### [TASK TO COMPLETE]
Take the data below and copy exactly the lines starting at the one with "[0, pi] splits" and finishing at the one with "(simp add: dot_square_norm)", both included.

### [MATERIAL PROVIDED]
(*
  As theta runs over [0, pi], sigma = c + r cos theta decreases from c + r > 1 + eta to
  c - r in (-1/2, -eta).  It crosses 1 + eta at theta_{1+eta} and -eta at theta_{-eta}, so
  [0, pi] splits into three arcs, on each of which F_{c,r} is given by a single one of its
  three formulas (on the last arc [sigma] = 0, so the sum over j is empty).  On every arc the
  factors multiplying L_j are nonnegative, and L_j <= L*_j / (T + 2) for sin theta >= 0; this
  bounds F_{c,r} pointwise by the integrand of the corresponding terms of the right-hand side,
  and integrating arc by arc gives the inequality.
*)

theory Submission
  imports Defs
begin
lemma symmetric_matrix_quadratic_form_nonpos:
  fixes M :: "real^'n^'n"
  assumes "transpose M = M" and "\<forall>\<mu>. is_eigenvalue M \<mu> \<and> \<mu> \<noteq> 0 \<longrightarrow> \<mu> < 0"
  shows "x \<bullet> (M *v x) \<le> 0"
proof -
  obtain \<mu> where "is_eigenvalue M \<mu>" and "x \<bullet> (M *v x) \<le> \<mu> * (x \<bullet> x)"
    using symmetric_matrix_quadratic_form_le_eigenvalue[OF assms(1)] by metis
  moreover from \<open>is_eigenvalue M \<mu>\<close> have "\<mu> \<le> 0" using assms(2) by force
  ultimately show ?thesis by (metis inner_ge_zero mult_nonpos_nonneg order_trans)
qed

lemma quadratic_form_le_eigenvalue_component:
  fixes M :: "real^'n^'n"
  assumes sym: "transpose M = M" and nonpos: "\<forall>\<mu>. is_eigenvalue M \<mu> \<and> \<mu> \<noteq> 0 \<longrightarrow> \<mu> < 0"
    and "norm v = 1" and eig: "M *v v = lam *\<^sub>R v"
  shows "d \<bullet> (M *v d) \<le> lam * (v \<bullet> d)\<^sup>2"
proof -
  define a where "a = v \<bullet> d"
  define w where "w = d - a *\<^sub>R v"
  have "v \<bullet> v = 1" using \<open>norm v = 1\<close> by (simp add: dot_square_norm)
  then have "v \<bullet> w = 0" by (simp add: w_def a_def inner_diff_right)
  then have "v \<bullet> (M *v w) = 0"
    by (simp add: inner_symmetric_matrix_vector_mult[OF sym] eig)
  have "d \<bullet> (M *v d) = w \<bullet> (M *v w) + lam * a\<^sup>2"
    using \<open>v \<bullet> v = 1\<close> \<open>v \<bullet> w = 0\<close> \<open>v \<bullet> (M *v w) = 0\<close>
    by (simp add: w_def matrix_vector_right_distrib matrix_vector_mult_scaleR eig inner_add_left
        inner_add_right inner_commute power2_eq_square algebra_simps)
  moreover have "w \<bullet> (M *v w) \<le> 0" by (rule symmetric_matrix_quadratic_form_nonpos[OF sym nonpos])
  ultimately show ?thesis by (simp add: a_def)
qed

lemma transpose_jacobian:
  assumes "\<And>i j. A$i$j = A$j$i"
  shows "transpose (jacobian K A \<theta>) = jacobian K A \<theta>"
  using assms by (auto simp: vec_eq_iff transpose_def jacobian_def cos_diff mult.commute)

lemma jacobian_mult_vector_component:
  assumes "\<And>i. A$i$i = 0"
  shows "(jacobian K A \<theta> *v d) $ i = K * (\<Sum>j\<in>UNIV. A$i$j * cos (\<theta>$j - \<theta>$i) * (d$j - d$i))"
proof -
  have "jacobian K A \<theta> $ i $ j
        = K * A$i$j * cos (\<theta>$j - \<theta>$i)
          - (if j = i then K * (\<Sum>l\<in>UNIV. A$i$l * cos (\<theta>$l - \<theta>$i)) else 0)"
    for j using assms by (auto simp: jacobian_def cos_diff mult.commute)
  then show ?thesis
    by (simp add: matrix_vector_mult_def left_diff_distrib sum_subtractf
        if_distrib[of "\<lambda>x. x * _"] if_distrib[of "\<lambda>x. _ * x"] sum_distrib_left sum_distrib_right right_diff_distrib mult_ac cong: if_cong)
qed

lemma has_real_derivative_vec_nth:
  assumes "(\<theta> has_vector_derivative d) (at K)"
  shows "((\<lambda>k. \<theta> k $ i) has_real_derivative d $ i) (at K)"
  using bounded_linear.has_vector_derivative[OF bounded_linear_vec_nth assms]
  by (simp add: has_real_derivative_iff_has_vector_derivative)

lemma phase_locked_velocity:
  fixes \<theta> :: "real \<Rightarrow> real^'n"
  assumes diag: "\<And>i. A$i$i = 0" and "open U" and "K \<in> U"
    and steady: "\<And>k. k \<in> U \<Longrightarrow> phase_locked \<omega> k A (\<theta> k)"
    and deriv: "(\<theta> has_vector_derivative d) (at K)"
  shows "\<omega> = K *\<^sub>R (jacobian K A (\<theta> K) *v d)"
proof -
  have "\<omega>$i = K * (jacobian K A (\<theta> K) *v d) $ i" for i
  proof -
    define F where "F k = \<omega>$i + k * (\<Sum>j\<in>UNIV. A$i$j * sin (\<theta> k $ j - \<theta> k $ i))" for k
    have "(F has_real_derivative
            (\<Sum>j\<in>UNIV. A$i$j * sin (\<theta> K $ j - \<theta> K $ i)) + (jacobian K A (\<theta> K) *v d) $ i) (at K)"
      unfolding F_def jacobian_mult_vector_component[OF diag]
      by (rule derivative_eq_intros has_real_derivative_vec_nth[OF deriv] refl
          | simp add: sum_distrib_left mult_ac)+
    moreover obtain e where "e > 0" and "ball K e \<subseteq> U"
      using \<open>open U\<close> \<open>K \<in> U\<close> by (auto simp: open_contains_ball)
    moreover have "F k = 0" if "k \<in> U" for k
      using steady[OF that] by (simp add: F_def phase_locked_def)
    ultimately have "(\<Sum>j\<in>UNIV. A$i$j * sin (\<theta> K $ j - \<theta> K $ i)) + (jacobian K A (\<theta> K) *v d) $ i = 0"
      using \<open>K \<in> U\<close> by (intro DERIV_local_const[of F _ K e]) (auto simp: dist_real_def subset_iff)
    moreover have "\<omega>$i + K * (\<Sum>j\<in>UNIV. A$i$j * sin (\<theta> K $ j - \<theta> K $ i)) = 0"
      using steady[OF \<open>K \<in> U\<close>] by (simp add: phase_locked_def)
    ultimately show ?thesis by algebra
  qed
  then show ?thesis by (simp add: vec_eq_iff)
qed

### [ANSWER SPACE]
  [0, pi] splits into three arcs, on each of which F_{c,r} is given by a single one of its
  three formulas (on the last arc [sigma] = 0, so the sum over j is empty).  On every arc the
  factors multiplying L_j are nonnegative, and L_j <= L*_j / (T + 2) for sin theta >= 0; this
  bounds F_{c,r} pointwise by the integrand of the corresponding terms of the right-hand side,
  and integrating arc by arc gives the inequality.
*)

theory Submission
  imports Defs
begin
lemma symmetric_matrix_quadratic_form_nonpos:
  fixes M :: "real^'n^'n"
  assumes "transpose M = M" and "\<forall>\<mu>. is_eigenvalue M \<mu> \<and> \<mu> \<noteq> 0 \<longrightarrow> \<mu> < 0"
  shows "x \<bullet> (M *v x) \<le> 0"
proof -
  obtain \<mu> where "is_eigenvalue M \<mu>" and "x \<bullet> (M *v x) \<le> \<mu> * (x \<bullet> x)"
    using symmetric_matrix_quadratic_form_le_eigenvalue[OF assms(1)] by metis
  moreover from \<open>is_eigenvalue M \<mu>\<close> have "\<mu> \<le> 0" using assms(2) by force
  ultimately show ?thesis by (metis inner_ge_zero mult_nonpos_nonneg order_trans)
qed

lemma quadratic_form_le_eigenvalue_component:
  fixes M :: "real^'n^'n"
  assumes sym: "transpose M = M" and nonpos: "\<forall>\<mu>. is_eigenvalue M \<mu> \<and> \<mu> \<noteq> 0 \<longrightarrow> \<mu> < 0"
    and "norm v = 1" and eig: "M *v v = lam *\<^sub>R v"
  shows "d \<bullet> (M *v d) \<le> lam * (v \<bullet> d)\<^sup>2"
proof -
  define a where "a = v \<bullet> d"
  define w where "w = d - a *\<^sub>R v"
  have "v \<bullet> v = 1" using \<open>norm v = 1\<close> by (simp add: dot_square_norm)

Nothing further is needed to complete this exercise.